Virar a maré exigirá a confluência de uma série de fatores.

A compreensão dominante da relação da humanidade com a natureza sustenta seu comportamento coletivo em relação ao mundo natural.

Com relação ao mutualismo da existência, os escritos bahá'ís nos encorajam: 

Reflita sobre as realidades internas do universo, as sabedorias secretas envolvidas, os enigmas, as inter-relações, as regras que governam tudo.

Pois cada parte do universo está conectada com todas as outras partes por laços que são muito poderosos e não admitem desequilíbrio.

A ecologia, o estudo das relações, conexões e interações entre organismos e seu ambiente, confirma que a biodiversidade sustenta o funcionamento dos ecossistemas e a produção de serviços ecossistêmicos, como produção de safras, polinização, purificação de água, proteção costeira e regulação climática — serviços essenciais para o bem-estar e o florescimento humano. 

Variáveis sociais, culturais, econômicas, tecnológicas, institucionais e ecológicas interagem de maneiras complexas que impulsionam declínios globais na natureza.

Dada a complexidade das interações desses sistemas socioecológicos, é difícil prever, planejar e gerenciar as repercussões da perda de biodiversidade e da degradação dos sistemas naturais.

Considere, por exemplo, o problema das cascatas ecológicas em que a perda de uma espécie-chave pode perturbar um ecossistema inteiro e pode levar à perda de outras espécies e, às vezes, ao colapso de um ecossistema inteiro, de maneiras que muitas vezes são mal compreendidas.

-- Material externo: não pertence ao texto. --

definition compact_operator :: "('a::real_normed_vector \<Rightarrow> 'b::real_normed_vector) \<Rightarrow> bool" where
  "compact_operator T \<longleftrightarrow> bounded_linear T \<and> compact (closure (T ` ball 0 1))"

text \<open>Lifting properties relative to a quotient map pi : X -> X/J, with the
 Banach space Y (resp. Z) ranging over the type given as first argument.\<close>

definition QLP :: "'y::banach itself \<Rightarrow> ('x::real_normed_vector \<Rightarrow> 'q::real_normed_vector) \<Rightarrow> bool" where
  "QLP _ \<pi> \<longleftrightarrow> (\<forall>S::'y \<Rightarrow> 'q. bounded_linear S \<longrightarrow>
      (\<exists>T::'y \<Rightarrow> 'x. bounded_linear T \<and> \<pi> \<circ> T = S \<and> onorm T = onorm S))"

definition CQLP :: "'z::banach itself \<Rightarrow> ('x::real_normed_vector \<Rightarrow> 'q::real_normed_vector) \<Rightarrow> bool" where
  "CQLP _ \<pi> \<longleftrightarrow> (\<forall>T::'z \<Rightarrow> 'q. compact_operator T \<longrightarrow>
      (\<exists>S::'z \<Rightarrow> 'x. compact_operator S \<and> \<pi> \<circ> S = T \<and> onorm S = onorm T))"

end

theory Submission
  imports Defs
begin

text \<open>
  For a free ultrafilter \<open>U\<close> on \<open>\<Gamma>\<close> the \<open>U\<close>-limit is a norm-one functional on
  \<open>\<ell>\<^sup>\<infinity>(\<Gamma>)\<close> vanishing on \<open>c\<^sub>0(\<Gamma>)\<close>, hence a norm-one functional on the quotient.
  Given a compact \<open>T\<close>, choose lifts of the points of finite \<open>1/(n+1)\<close>-nets of \<open>T(B\<^sub>Z)\<close>
  and, for every \<open>\<gamma>\<close>, a free ultrafilter \<open>U\<^sub>\<gamma>\<close> concentrated near \<open>\<gamma>\<close> with respect to these
  countably many functions; only finitely many \<open>\<gamma>\<close> fail this at a given level \<open>n\<close>.
  Then \<open>(S z)(\<gamma>) = lim\<^bsub>U\<^sub>\<gamma>\<^esub>\<close> of a lift of \<open>T z\<close> is linear with \<open>\<parallel>S z\<parallel> \<le> \<parallel>T z\<parallel>\<close>,
  differs from a lift of \<open>T z\<close> by an element of \<open>c\<^sub>0\<close>, and is compact because \<open>T\<close> dominates it.

  For the failure of the lifting property, a bounded right inverse \<open>R\<close> of the quotient map is
  tested on the indicators of an uncountable almost disjoint family of infinite subsets of a
  countable set \<open>D \<subseteq> \<Gamma>\<close>: as \<open>\<parallel>\<pi>(\<Sum> \<pm>1\<^sub>B)\<parallel> \<le> 1\<close>, at each point only finitely many of the
  functions \<open>R(\<pi> 1\<^sub>B)\<close> exceed any \<open>\<epsilon> > 0\<close>, so some \<open>B\<close> has \<open>R(\<pi> 1\<^sub>B) = 0\<close> on \<open>D\<close>. But then
  \<open>R(\<pi> 1\<^sub>B) - 1\<^sub>B\<close> lies in \<open>c\<^sub>0\<close> and equals \<open>-1\<close> on the infinite set \<open>B\<close>.
\<close>

definition ultra :: "'a filter \<Rightarrow> bool" where
  "ultra F \<longleftrightarrow> (\<forall>P. eventually P F \<or> eventually (\<lambda>x. \<not> P x) F)"

lemma ultra_if_minimal:
  assumes "U \<noteq> bot" and min: "\<And>G. G \<noteq> bot \<Longrightarrow> G \<le> U \<Longrightarrow> G = U"
  shows "ultra U"
  unfolding ultra_def
proof
  fix P
  show "eventually P U \<or> eventually (\<lambda>x. \<not> P x) U"
  proof (rule disjCI)
    assume "\<not> eventually (\<lambda>x. \<not> P x) U"
    then have "inf U (principal {x. P x}) \<noteq> bot"
      by (simp add: trivial_limit_def eventually_inf_principal)
    then have "inf U (principal {x. P x}) = U" by (rule min) (rule inf_le1)
    moreover have "eventually P (inf U (principal {x. P x}))"
      by (simp add: eventually_inf_principal)
    ultimately show "eventually P U" by simp
  qed
qed

lemma exists_ultra_le:
  fixes F :: "'a filter"
  assumes "F \<noteq> bot"
  shows "\<exists>U\<le>F. U \<noteq> bot \<and> ultra U"
proof -
  let ?M = "{G. G \<le> F \<and> G \<noteq> bot}"
  have "\<exists>U\<in>?M. \<forall>G\<in>?M. G \<le> U \<longrightarrow> G = U"
  proof (rule predicate_Zorn)
    show "partial_order_on ?M (relation_of (\<lambda>G H. H \<le> G) ?M)"
      by (rule partial_order_on_relation_ofI) (simp_all add: order_antisym)
    fix C assume C: "C \<in> Chains (relation_of (\<lambda>G H. H \<le> G) ?M)"
    then have C_sub: "C \<subseteq> ?M" and C_lin: "\<And>G H. G \<in> C \<Longrightarrow> H \<in> C \<Longrightarrow> G \<le> H \<or> H \<le> G"
      unfolding Chains_def relation_of_def by blast+
    show "\<exists>U\<in>?M. \<forall>G\<in>C. U \<le> G"
    proof (cases "C = {}")
      case True
      then show ?thesis using assms by blast
    next
      case False
      have "\<exists>x\<in>C. x \<le> inf G H" if "G \<in> C" "H \<in> C" for G H
        using C_lin[OF that] that by (metis inf.absorb_iff1 inf.absorb_iff2 order_refl)
      then have "eventually P (Inf C) \<longleftrightarrow> (\<exists>G\<in>C. eventually P G)" for P
        by (rule eventually_Inf_base[OF False])
      then have "Inf C \<noteq> bot" using C_sub by (auto simp: trivial_limit_def)
      moreover obtain G where "G \<in> C" using False by blast
      then have "Inf C \<le> F" using C_sub by (blast intro: Inf_lower2)
      ultimately show ?thesis by (blast intro: Inf_lower)
    qed
  qed
  then obtain U where U: "U \<le> F" "U \<noteq> bot"
    and min: "\<And>G. G \<le> F \<Longrightarrow> G \<noteq> bot \<Longrightarrow> G \<le> U \<Longrightarrow> G = U"
    by blast
  have "ultra U"
  proof (rule ultra_if_minimal[OF U(2)])
    fix G assume "G \<noteq> bot" "G \<le> U"
    then show "G = U" using min order_trans[OF \<open>G \<le> U\<close> U(1)] by blast
  qed
  with U show ?thesis by blast
qed

definition free_ultrafilter :: "'a filter \<Rightarrow> bool" where
  "free_ultrafilter U \<longleftrightarrow> ultra U \<and> U \<noteq> bot \<and> U \<le> cofinite"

Por exemplo, a remoção de lobos do Parque Nacional de Yellowstone no início do século XX levou a uma superpopulação de alces, que por sua vez pastavam excessivamente árvores jovens e vegetação.

Esse pastoreio excessivo causou um declínio significativo nas populações de castores, que dependem de árvores para construir represas, e até mesmo alterou o fluxo dos rios.

A reintrodução de lobos décadas depois foi um de uma rede de fatores que contribuíram para a restauração do equilíbrio, demonstrando as conexões intrincadas dentro dos ecossistemas que podem se desfazer quando espécies-chave são perdidas.

Uma vez que as cascatas são colocadas em movimento, geralmente há atrasos de tempo antes que os pontos de inflexão sejam atingidos e os efeitos relacionados sejam sentidos.

Os sintomas da transgressão desses pontos de inflexão geralmente se manifestam nos efeitos sobre as economias que dependem do funcionamento saudável dos ecossistemas para garantir um fluxo sustentado de bens e serviços. Indivíduos, instituições e comunidades precisam desenvolver a capacidade de navegar na imprevisibilidade inerente desses sistemas de maneiras que sejam boas para a natureza e as pessoas. 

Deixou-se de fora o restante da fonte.